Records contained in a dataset
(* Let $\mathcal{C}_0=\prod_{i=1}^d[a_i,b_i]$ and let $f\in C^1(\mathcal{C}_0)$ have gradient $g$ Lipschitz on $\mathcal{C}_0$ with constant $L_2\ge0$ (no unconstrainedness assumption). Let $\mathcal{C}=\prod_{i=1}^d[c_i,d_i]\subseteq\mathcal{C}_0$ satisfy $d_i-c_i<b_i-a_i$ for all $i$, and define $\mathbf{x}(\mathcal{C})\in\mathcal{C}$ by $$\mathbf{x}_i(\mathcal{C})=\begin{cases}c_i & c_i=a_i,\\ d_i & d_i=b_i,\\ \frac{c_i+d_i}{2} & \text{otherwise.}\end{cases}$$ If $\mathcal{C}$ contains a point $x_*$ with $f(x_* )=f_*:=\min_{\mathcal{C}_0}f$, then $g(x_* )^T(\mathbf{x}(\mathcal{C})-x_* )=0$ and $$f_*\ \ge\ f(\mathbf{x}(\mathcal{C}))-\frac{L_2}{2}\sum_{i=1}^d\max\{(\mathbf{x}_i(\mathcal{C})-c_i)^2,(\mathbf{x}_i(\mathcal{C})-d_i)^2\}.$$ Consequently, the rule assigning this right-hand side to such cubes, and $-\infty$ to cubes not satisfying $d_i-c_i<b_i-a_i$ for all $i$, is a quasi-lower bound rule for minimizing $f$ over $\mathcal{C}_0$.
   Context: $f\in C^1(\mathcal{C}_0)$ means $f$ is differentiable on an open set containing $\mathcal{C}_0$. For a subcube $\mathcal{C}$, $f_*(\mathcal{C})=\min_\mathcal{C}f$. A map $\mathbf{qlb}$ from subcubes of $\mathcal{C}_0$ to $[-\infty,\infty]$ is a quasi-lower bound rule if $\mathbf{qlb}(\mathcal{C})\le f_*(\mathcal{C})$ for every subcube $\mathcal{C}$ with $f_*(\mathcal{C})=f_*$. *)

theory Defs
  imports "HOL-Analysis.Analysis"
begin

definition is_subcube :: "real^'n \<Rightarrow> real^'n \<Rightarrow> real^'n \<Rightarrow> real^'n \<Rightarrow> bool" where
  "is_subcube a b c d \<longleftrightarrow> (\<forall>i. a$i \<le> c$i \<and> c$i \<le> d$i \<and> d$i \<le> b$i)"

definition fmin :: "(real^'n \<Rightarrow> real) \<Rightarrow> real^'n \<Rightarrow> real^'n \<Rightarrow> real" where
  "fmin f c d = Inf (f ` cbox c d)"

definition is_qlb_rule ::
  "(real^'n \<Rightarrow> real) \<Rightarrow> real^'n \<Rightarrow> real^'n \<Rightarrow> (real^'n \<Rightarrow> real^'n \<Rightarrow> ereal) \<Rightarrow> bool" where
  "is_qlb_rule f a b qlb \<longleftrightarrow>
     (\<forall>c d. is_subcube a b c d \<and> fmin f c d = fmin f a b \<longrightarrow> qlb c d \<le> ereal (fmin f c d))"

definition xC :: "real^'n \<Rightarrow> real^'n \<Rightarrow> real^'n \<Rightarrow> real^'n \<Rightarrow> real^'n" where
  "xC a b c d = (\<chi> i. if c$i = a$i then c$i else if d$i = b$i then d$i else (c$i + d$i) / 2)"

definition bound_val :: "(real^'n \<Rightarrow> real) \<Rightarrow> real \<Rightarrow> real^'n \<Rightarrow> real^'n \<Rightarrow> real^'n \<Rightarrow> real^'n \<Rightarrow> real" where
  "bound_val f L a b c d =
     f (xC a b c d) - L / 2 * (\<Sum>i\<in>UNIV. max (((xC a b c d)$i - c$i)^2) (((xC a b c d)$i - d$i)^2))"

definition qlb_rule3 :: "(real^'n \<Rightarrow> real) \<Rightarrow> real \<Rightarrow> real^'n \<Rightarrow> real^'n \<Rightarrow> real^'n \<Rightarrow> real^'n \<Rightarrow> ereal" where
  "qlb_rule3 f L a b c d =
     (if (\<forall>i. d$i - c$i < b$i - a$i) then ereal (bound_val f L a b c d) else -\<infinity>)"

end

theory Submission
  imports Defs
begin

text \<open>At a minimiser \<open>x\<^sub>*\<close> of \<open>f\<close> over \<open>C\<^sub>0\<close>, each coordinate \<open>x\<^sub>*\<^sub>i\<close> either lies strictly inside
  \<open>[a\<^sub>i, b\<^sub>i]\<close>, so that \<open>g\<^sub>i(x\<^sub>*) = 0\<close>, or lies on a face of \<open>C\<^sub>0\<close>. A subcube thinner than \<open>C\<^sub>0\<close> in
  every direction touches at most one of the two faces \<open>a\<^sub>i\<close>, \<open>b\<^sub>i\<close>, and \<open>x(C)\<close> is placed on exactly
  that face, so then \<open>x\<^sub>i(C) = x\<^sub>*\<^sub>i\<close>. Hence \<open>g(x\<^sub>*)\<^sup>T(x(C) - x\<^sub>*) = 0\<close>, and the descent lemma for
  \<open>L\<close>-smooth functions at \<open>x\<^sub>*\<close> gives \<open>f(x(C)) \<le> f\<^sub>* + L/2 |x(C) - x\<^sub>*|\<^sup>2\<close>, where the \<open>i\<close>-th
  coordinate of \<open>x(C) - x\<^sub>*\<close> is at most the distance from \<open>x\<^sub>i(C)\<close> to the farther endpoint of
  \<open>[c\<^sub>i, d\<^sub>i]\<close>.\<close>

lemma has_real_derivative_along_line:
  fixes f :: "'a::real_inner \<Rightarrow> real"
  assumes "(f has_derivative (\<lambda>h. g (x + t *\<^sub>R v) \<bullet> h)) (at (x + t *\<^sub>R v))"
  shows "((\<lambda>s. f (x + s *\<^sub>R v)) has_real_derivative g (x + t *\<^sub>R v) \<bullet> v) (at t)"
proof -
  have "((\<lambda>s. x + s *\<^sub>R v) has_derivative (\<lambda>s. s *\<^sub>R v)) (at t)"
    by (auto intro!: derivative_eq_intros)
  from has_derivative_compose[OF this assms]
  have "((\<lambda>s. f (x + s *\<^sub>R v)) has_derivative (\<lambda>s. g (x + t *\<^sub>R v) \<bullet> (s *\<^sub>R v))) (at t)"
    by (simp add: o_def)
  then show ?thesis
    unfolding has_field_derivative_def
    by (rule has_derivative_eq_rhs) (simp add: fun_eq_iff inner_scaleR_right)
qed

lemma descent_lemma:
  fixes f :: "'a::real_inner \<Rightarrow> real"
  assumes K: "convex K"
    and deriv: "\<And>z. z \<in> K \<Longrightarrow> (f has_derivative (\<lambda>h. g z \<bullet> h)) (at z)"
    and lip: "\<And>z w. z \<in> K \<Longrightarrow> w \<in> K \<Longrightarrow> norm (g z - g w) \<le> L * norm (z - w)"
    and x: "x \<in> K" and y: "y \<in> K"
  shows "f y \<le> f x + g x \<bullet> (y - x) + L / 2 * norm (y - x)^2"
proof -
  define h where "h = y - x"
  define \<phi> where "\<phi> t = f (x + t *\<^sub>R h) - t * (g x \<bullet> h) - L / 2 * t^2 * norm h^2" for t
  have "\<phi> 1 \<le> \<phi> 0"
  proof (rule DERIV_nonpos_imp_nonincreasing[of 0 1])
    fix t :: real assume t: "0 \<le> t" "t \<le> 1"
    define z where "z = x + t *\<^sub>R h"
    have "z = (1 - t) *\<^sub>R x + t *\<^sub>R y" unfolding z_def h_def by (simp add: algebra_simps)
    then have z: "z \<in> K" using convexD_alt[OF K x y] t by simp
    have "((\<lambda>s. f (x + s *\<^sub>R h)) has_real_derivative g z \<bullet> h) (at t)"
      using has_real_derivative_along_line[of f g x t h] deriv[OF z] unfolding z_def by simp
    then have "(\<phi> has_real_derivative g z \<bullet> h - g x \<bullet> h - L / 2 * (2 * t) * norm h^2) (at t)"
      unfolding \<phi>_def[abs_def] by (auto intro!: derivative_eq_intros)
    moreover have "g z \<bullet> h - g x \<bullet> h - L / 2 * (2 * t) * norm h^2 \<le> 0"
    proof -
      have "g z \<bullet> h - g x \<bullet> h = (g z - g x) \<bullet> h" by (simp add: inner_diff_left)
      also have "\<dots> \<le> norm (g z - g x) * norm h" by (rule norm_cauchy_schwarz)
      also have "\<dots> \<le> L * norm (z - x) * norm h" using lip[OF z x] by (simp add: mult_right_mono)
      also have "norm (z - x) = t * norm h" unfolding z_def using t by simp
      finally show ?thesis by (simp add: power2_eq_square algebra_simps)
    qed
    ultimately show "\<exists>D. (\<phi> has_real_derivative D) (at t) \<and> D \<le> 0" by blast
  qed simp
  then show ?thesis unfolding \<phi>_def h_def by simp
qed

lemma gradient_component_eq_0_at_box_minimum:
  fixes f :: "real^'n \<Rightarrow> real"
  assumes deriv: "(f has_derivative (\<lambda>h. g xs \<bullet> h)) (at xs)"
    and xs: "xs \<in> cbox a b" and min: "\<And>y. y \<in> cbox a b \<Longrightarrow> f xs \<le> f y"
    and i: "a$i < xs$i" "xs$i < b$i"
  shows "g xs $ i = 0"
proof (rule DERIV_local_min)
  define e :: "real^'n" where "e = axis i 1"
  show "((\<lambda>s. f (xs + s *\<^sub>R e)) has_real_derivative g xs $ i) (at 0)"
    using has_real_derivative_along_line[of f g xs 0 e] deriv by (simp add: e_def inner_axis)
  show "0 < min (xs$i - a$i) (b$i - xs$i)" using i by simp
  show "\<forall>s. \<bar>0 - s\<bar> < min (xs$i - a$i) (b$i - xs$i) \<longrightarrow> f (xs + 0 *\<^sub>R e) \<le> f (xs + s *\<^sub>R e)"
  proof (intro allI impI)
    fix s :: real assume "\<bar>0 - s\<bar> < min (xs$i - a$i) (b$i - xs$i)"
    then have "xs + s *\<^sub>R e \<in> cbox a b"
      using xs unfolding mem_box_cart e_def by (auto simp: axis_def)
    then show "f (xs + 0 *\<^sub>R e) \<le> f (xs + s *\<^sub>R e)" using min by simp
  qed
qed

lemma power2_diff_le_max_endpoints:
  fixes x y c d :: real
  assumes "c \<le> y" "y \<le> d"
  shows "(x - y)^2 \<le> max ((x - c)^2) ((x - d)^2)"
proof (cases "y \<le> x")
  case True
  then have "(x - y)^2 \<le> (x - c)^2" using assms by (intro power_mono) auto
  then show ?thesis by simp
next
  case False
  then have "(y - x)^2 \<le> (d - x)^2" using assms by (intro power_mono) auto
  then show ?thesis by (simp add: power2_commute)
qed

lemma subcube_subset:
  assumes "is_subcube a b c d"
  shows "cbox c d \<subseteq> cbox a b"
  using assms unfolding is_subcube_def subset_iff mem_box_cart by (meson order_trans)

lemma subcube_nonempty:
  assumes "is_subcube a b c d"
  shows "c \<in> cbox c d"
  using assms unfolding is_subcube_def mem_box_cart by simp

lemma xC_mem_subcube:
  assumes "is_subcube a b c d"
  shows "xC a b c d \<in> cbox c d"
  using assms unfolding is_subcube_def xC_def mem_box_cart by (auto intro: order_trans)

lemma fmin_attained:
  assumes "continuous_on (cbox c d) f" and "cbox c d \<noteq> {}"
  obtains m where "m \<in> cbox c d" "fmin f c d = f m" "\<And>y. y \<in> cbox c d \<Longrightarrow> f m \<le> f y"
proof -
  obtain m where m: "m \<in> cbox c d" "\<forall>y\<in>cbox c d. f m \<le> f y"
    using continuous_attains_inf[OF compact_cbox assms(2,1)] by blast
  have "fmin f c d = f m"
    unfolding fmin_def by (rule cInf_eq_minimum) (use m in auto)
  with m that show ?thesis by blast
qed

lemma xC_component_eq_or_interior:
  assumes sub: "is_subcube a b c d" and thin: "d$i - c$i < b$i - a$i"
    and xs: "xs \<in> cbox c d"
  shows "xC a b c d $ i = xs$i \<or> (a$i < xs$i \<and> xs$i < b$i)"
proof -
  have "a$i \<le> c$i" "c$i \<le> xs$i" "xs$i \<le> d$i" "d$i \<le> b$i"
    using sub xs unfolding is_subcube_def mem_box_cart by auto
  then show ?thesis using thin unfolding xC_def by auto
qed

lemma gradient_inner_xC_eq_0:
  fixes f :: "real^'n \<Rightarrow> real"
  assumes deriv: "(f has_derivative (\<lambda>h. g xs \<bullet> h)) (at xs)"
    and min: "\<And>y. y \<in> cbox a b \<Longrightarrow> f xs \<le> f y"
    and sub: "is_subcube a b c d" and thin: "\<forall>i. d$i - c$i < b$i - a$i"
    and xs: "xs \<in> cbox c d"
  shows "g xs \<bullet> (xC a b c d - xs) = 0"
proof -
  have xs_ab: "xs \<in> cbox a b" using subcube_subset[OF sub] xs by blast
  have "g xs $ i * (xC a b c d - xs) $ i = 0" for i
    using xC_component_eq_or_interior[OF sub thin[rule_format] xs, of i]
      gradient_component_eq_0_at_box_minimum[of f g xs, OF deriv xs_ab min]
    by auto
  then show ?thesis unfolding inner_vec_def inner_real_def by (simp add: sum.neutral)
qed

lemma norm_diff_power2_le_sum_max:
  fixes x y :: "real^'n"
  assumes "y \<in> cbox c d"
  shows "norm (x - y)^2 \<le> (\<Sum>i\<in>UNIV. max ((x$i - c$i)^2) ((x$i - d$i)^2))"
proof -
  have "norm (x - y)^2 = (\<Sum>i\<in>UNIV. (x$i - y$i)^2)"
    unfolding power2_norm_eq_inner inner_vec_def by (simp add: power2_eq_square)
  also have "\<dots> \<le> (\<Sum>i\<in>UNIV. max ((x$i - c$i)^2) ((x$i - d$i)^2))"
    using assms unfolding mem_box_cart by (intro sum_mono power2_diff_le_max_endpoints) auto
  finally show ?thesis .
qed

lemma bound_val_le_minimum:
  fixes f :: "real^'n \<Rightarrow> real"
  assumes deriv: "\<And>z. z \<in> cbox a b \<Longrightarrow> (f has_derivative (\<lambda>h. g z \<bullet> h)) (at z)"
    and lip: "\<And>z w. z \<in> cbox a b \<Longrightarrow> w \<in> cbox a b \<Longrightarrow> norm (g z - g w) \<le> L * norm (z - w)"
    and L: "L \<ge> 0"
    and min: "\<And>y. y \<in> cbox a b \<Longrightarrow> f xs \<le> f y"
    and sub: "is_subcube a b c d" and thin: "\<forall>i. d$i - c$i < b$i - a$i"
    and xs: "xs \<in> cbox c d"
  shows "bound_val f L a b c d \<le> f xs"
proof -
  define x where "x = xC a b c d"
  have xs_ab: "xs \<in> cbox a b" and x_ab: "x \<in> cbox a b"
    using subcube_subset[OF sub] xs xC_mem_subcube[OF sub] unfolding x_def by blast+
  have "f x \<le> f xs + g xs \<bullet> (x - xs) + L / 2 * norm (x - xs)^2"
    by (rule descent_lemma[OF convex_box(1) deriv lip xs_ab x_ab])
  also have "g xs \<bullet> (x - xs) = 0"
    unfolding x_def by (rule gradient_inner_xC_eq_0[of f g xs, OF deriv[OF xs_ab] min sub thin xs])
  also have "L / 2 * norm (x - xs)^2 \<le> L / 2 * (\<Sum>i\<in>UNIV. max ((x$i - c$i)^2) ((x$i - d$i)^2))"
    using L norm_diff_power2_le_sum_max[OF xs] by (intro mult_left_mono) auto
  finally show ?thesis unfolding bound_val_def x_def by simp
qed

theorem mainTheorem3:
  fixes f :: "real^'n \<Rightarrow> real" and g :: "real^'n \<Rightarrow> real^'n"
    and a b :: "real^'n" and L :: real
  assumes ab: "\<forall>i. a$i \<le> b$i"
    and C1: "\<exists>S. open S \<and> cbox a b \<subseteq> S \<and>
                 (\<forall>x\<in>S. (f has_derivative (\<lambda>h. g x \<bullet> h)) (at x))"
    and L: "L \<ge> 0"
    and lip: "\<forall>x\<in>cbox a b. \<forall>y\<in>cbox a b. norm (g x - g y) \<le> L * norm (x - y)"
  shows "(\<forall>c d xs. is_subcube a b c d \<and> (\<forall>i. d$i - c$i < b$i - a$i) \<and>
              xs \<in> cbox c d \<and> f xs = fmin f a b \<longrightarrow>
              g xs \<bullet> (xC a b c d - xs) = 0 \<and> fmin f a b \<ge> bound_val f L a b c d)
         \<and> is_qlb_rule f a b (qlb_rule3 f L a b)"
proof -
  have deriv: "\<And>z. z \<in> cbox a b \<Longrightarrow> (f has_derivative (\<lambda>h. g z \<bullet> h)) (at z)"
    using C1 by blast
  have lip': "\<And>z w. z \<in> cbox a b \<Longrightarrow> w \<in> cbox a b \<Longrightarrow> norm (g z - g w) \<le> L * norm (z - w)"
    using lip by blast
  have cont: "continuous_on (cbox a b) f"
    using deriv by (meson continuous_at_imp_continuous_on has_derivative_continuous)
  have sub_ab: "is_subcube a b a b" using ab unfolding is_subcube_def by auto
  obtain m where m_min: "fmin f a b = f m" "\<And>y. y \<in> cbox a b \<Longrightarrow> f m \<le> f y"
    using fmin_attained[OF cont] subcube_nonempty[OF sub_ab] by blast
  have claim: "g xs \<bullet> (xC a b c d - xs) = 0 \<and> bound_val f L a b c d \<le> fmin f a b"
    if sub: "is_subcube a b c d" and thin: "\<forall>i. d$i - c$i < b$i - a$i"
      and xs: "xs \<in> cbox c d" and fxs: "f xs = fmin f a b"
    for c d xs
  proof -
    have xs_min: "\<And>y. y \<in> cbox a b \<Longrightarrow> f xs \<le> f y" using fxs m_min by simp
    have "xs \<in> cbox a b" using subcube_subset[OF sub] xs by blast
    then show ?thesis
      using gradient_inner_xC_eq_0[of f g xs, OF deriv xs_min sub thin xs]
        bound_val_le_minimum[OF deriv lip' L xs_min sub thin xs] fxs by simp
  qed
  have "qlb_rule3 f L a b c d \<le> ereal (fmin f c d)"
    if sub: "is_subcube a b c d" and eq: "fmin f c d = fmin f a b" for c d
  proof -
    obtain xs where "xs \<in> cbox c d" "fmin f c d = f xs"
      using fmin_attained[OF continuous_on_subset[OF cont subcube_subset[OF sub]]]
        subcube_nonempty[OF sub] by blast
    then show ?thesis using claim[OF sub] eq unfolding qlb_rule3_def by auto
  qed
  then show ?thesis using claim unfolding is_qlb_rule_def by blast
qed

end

The task
Search the entries for the word "mathcal" and gather every line where it appears.

Reply to the exercise
(* Let $\mathcal{C}_0=\prod_{i=1}^d[a_i,b_i]$ and let $f\in C^1(\mathcal{C}_0)$ have gradient $g$ Lipschitz on $\mathcal{C}_0$ with constant $L_2\ge0$ (no unconstrainedness assumption). Let $\mathcal{C}=\prod_{i=1}^d[c_i,d_i]\subseteq\mathcal{C}_0$ satisfy $d_i-c_i<b_i-a_i$ for all $i$, and define $\mathbf{x}(\mathcal{C})\in\mathcal{C}$ by $$\mathbf{x}_i(\mathcal{C})=\begin{cases}c_i & c_i=a_i,\\ d_i & d_i=b_i,\\ \frac{c_i+d_i}{2} & \text{otherwise.}\end{cases}$$ If $\mathcal{C}$ contains a point $x_*$ with $f(x_* )=f_*:=\min_{\mathcal{C}_0}f$, then $g(x_* )^T(\mathbf{x}(\mathcal{C})-x_* )=0$ and $$f_*\ \ge\ f(\mathbf{x}(\mathcal{C}))-\frac{L_2}{2}\sum_{i=1}^d\max\{(\mathbf{x}_i(\mathcal{C})-c_i)^2,(\mathbf{x}_i(\mathcal{C})-d_i)^2\}.$$ Consequently, the rule assigning this right-hand side to such cubes, and $-\infty$ to cubes not satisfying $d_i-c_i<b_i-a_i$ for all $i$, is a quasi-lower bound rule for minimizing $f$ over $\mathcal{C}_0$.
   Context: $f\in C^1(\mathcal{C}_0)$ means $f$ is differentiable on an open set containing $\mathcal{C}_0$. For a subcube $\mathcal{C}$, $f_*(\mathcal{C})=\min_\mathcal{C}f$. A map $\mathbf{qlb}$ from subcubes of $\mathcal{C}_0$ to $[-\infty,\infty]$ is a quasi-lower bound rule if $\mathbf{qlb}(\mathcal{C})\le f_*(\mathcal{C})$ for every subcube $\mathcal{C}$ with $f_*(\mathcal{C})=f_*$. *)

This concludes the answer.